Ein neuer Investor für die Greizer Vereinsbrauerei

Wie geht es der Brauerei in Greiz heute? Das Insolvenzjahr war definitiv nicht das leichteste: Lieferanten, die bezahlt werden wollten, noch höhere Rohstoffpreise und fehlende Mitarbeiter. Zusätzlich noch die schwierige Suche nach einem Investor. "Das Überangebot an Brauereien und der allgemein sinkende Bierkonsum machen den Markt nicht gerade attraktiv", berichtet Brauerei-Insolvenzverwalter Marcello Di Stefano.

In Greiz passen die Grundvoraussetzungen.

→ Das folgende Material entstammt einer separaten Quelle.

lemma eventually_E_inter_subset:
  assumes "seq_converges T x" and "open V" and "x \<in> V"
  obtains M where "\<And>n. M \<le> n \<Longrightarrow> E n \<inter> T \<subseteq> V"
proof -
  have "finite (T - V)"
    using assms unfolding seq_converges_def by blast
  moreover have "finite {n. y \<in> E n}" for y
  proof (cases "\<exists>m. y \<in> E m")
    case True
    then obtain m where "y \<in> E m"
      by blast
    then have "{n. y \<in> E n} \<subseteq> {m}"
      using E_disjoint by blast
    then show ?thesis
      by (rule finite_subset) simp
  qed simp
  ultimately have "finite (\<Union>y\<in>T - V. {n. y \<in> E n})"
    by blast
  moreover have "{n. \<not> E n \<inter> T \<subseteq> V} \<subseteq> (\<Union>y\<in>T - V. {n. y \<in> E n})"
    by blast
  ultimately have "finite {n. \<not> E n \<inter> T \<subseteq> V}"
    by (rule finite_subset[rotated])
  then obtain M where "{n. \<not> E n \<inter> T \<subseteq> V} \<subseteq> {..<M}"
    using finite_nat_bounded by blast
  then show thesis
    by (intro that[of M]) auto
qed

definition selected :: "(nat \<Rightarrow> nat) \<Rightarrow> 'a set \<Rightarrow> 'a set" where
  "selected \<nu> T' = {s k i | k i. g (\<nu> k) k i \<in> T' \<and> h (\<nu> k) k i \<in> T'}"

lemma selected_subset: "selected \<nu> T' \<subseteq> (\<Union>n. S n)"
  unfolding selected_def using s_in by blast

lemma finite_diff_selected:
  assumes "finite (E (\<nu> k) - T')" and "k \<le> \<nu> k"
  shows "finite (S k - selected \<nu> T')"
proof -
  have "S k - selected \<nu> T' \<subseteq> s k ` ({i. g (\<nu> k) k i \<notin> T'} \<union> {i. h (\<nu> k) k i \<notin> T'})"
    using s_bij unfolding selected_def bij_betw_def by blast
  then show ?thesis
    by (rule finite_subset) (simp add: finite_g_notin finite_h_notin assms)
qed

lemma finite_selected_diff:
  assumes "seq_converges T' x" and "\<And>k. k \<le> \<nu> k" and "open U" and "x \<in> U"
  shows "finite (selected \<nu> T' - U)"
proof -
  obtain V where "open V" "x \<in> V"
    and V: "\<And>p q. p \<in> V \<Longrightarrow> q \<in> V \<Longrightarrow> p + (- x + q) \<in> U \<and> p + (- q + x) \<in> U"
    using assms(3,4) by (auto elim: topological_group_nhds[OF group])
  obtain M where M: "\<And>n. M \<le> n \<Longrightarrow> E n \<inter> T' \<subseteq> V"
    by (rule eventually_E_inter_subset[OF assms(1) \<open>open V\<close> \<open>x \<in> V\<close>]) blast
  have "selected \<nu> T' - U \<subseteq> (\<Union>k<M. S k - U)"
  proof
    fix y assume "y \<in> selected \<nu> T' - U"
    then obtain k i where y: "y = s k i" "y \<notin> U"
      and in_T': "g (\<nu> k) k i \<in> T'" "h (\<nu> k) k i \<in> T'"
      unfolding selected_def by blast
    have "k < M"
    proof (rule ccontr)
      assume "\<not> k < M"
      then have "E (\<nu> k) \<inter> T' \<subseteq> V"
        using M assms(2) by (meson le_trans not_less)
      moreover have "g (\<nu> k) k i \<in> E (\<nu> k)" "h (\<nu> k) k i \<in> E (\<nu> k)"
        using assms(2) by (auto simp: E_def)
      ultimately have "h (\<nu> k) k i + (- g (\<nu> k) k i + x) \<in> U"
        using in_T' V by blast
      then show False
        using y by (simp flip: s_eq)
    qed
    then show "y \<in> (\<Union>k<M. S k - U)"
      using y s_in by blast
  qed
  moreover have "finite (\<Union>k<M. S k - U)"
    using S_converges assms(3,4) unfolding seq_converges_def by blast
  ultimately show ?thesis
    by (rule finite_subset)
qed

Marcello Di Stefano Insolvenzverwalter

Gelohnt hat sich die Suche trotzdem. Seit Anfang Februar ist André Panse der neue Investor der Greizer Vereinsbrauerei. Der aus Erfurt stammende Unternehmer bringt neben dem betriebswirtschaftlichen Know-how auch viel Erfahrung im Bereich der erneuerbaren Energien mit, so die Brauerei. Das soll auch in Zukunft bei dem Greizer Bier ein wichtiges Thema sein. Diesbezüglich wurden auch schon die ersten Arbeiten vorgenommen. Mit den Technologien möchte Panse die hohen Energiepreise des Unternehmens senken. Zusätzlich sollen neue Arbeitsplätze entstehen.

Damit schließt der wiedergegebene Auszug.